Reputation: 87
Here is what I'd like the stemmer to do: breaking: break broke: break broken: break entering: enter entered: enter enter: enter
I've indexed the field as follows: "body": { "type": "text", "fields": { "stemmed": { "type": "text", "analyzer": "english" } } }
When I query “breaking and entering”, I can see that what is searched for in the body.stemmed field is: "break and enter". Seems good. However, when I query “broke and entered”, I get: “broke and enter”. Thus, apparently, “broke” does not become “break” when the "english" stemmer is used. Likewise, “broken and entered” becomes: “broken and enter”. So, ES apparently does not change either “broke” or “broken” to “break” (which, according to this: snowball, I guess explains why if this is what is used).

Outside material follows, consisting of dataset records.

(* Let $G$ be a maximal subgroup of a completely simple semigroup $S$. Let $\sigma : X^+ \to G$ be a semigroup choice of generators for $G$ and $\tau : Y^+ \to S$ a semigroup choice of generators for $S$ such that $X \subseteq Y$ and $\sigma$ is the restriction of $\tau$ to $X^+$. Then $L_\sigma(G) = L_\tau(S) \cap \hat{X}^*$.
   Context: Maps are written on the right. $X^*$, $X^+$ are the free monoid and free semigroup on $X$. A semigroup is completely simple if it has no proper ideals and has a primitive idempotent (an idempotent $e$ with: every idempotent $f$ such that $ef = fe = f$ equals $e$). A maximal subgroup is a subsemigroup which is a group under the inherited multiplication and is contained in no larger such. For a monoid $M$ and surjective morphism $\sigma : X^* \to M$, let $\overline{X} = \{\overline{x} : x \in X\}$ be new symbols ($\overline{Y}$ similarly, with $\overline{X} \subseteq \overline{Y}$ when $X \subseteq Y$), $\hat{X} = X \cup \overline{X}$; the loop automaton has vertex set $M$, for each $a \in M$, $x \in X$ an edge $a \to a(x\sigma)$ labelled $x$ and an edge $a(x\sigma) \to a$ labelled $\overline{x}$; the loop problem $L_\sigma(M) \subseteq \hat{X}^*$ is the set of labels of paths from the identity to the identity. For a semigroup $T$ with surjective morphism $\sigma : X^+ \to T$, $T^1$ denotes $T$ with a new identity adjoined (even if $T$ already has one), $\sigma^1 : X^* \to T^1$ the extension, and $L_\sigma(T) := L_{\sigma^1}(T^1)$ (this applies to both $G$ and $S$ here). *)

theory Defs
  imports Main
begin

definition semigroup_on :: "'a set \<Rightarrow> ('a \<Rightarrow> 'a \<Rightarrow> 'a) \<Rightarrow> bool" where
  "semigroup_on S m \<longleftrightarrow> (\<forall>a\<in>S. \<forall>b\<in>S. m a b \<in> S) \<and>
     (\<forall>a\<in>S. \<forall>b\<in>S. \<forall>c\<in>S. m (m a b) c = m a (m b c))"

definition is_ideal :: "'a set \<Rightarrow> ('a \<Rightarrow> 'a \<Rightarrow> 'a) \<Rightarrow> 'a set \<Rightarrow> bool" where
  "is_ideal S m I \<longleftrightarrow> I \<noteq> {} \<and> I \<subseteq> S \<and> (\<forall>s\<in>S. \<forall>i\<in>I. m s i \<in> I \<and> m i s \<in> I)"

definition primitive_idempotent :: "'a set \<Rightarrow> ('a \<Rightarrow> 'a \<Rightarrow> 'a) \<Rightarrow> 'a \<Rightarrow> bool" where
  "primitive_idempotent S m e \<longleftrightarrow> e \<in> S \<and> m e e = e \<and>
     (\<forall>f\<in>S. m f f = f \<and> m e f = f \<and> m f e = f \<longrightarrow> f = e)"

definition completely_simple :: "'a set \<Rightarrow> ('a \<Rightarrow> 'a \<Rightarrow> 'a) \<Rightarrow> bool" where
  "completely_simple S m \<longleftrightarrow> semigroup_on S m \<and>
     (\<forall>I. is_ideal S m I \<longrightarrow> I = S) \<and> (\<exists>e. primitive_idempotent S m e)"

definition subgroup_in :: "'a set \<Rightarrow> ('a \<Rightarrow> 'a \<Rightarrow> 'a) \<Rightarrow> 'a set \<Rightarrow> bool" where
  "subgroup_in S m H \<longleftrightarrow> H \<subseteq> S \<and> (\<forall>a\<in>H. \<forall>b\<in>H. m a b \<in> H) \<and>
     (\<exists>e\<in>H. (\<forall>a\<in>H. m e a = a \<and> m a e = a) \<and> (\<forall>a\<in>H. \<exists>b\<in>H. m a b = e \<and> m b a = e))"

definition maximal_subgroup :: "'a set \<Rightarrow> ('a \<Rightarrow> 'a \<Rightarrow> 'a) \<Rightarrow> 'a set \<Rightarrow> bool" where
  "maximal_subgroup S m G \<longleftrightarrow> subgroup_in S m G \<and>
     (\<forall>H. subgroup_in S m H \<and> G \<subseteq> H \<longrightarrow> H = G)"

So, is there a way to specify a "known" stemmer that will accomplish what I'm trying to do?
Upvotes: 0
Views: 765
Reputation: 1547
Your requirement can be fulfilled by a Dictionary Stemmer, which does dictionary lookups for stemming words. Algorithmic stemmers stem without knowledge about the root words, they simply do it algorithmically. Look at Hunspell stemmer, think it will do the job: https://www.elastic.co/guide/en/elasticsearch/guide/current/hunspell.html
Upvotes: 2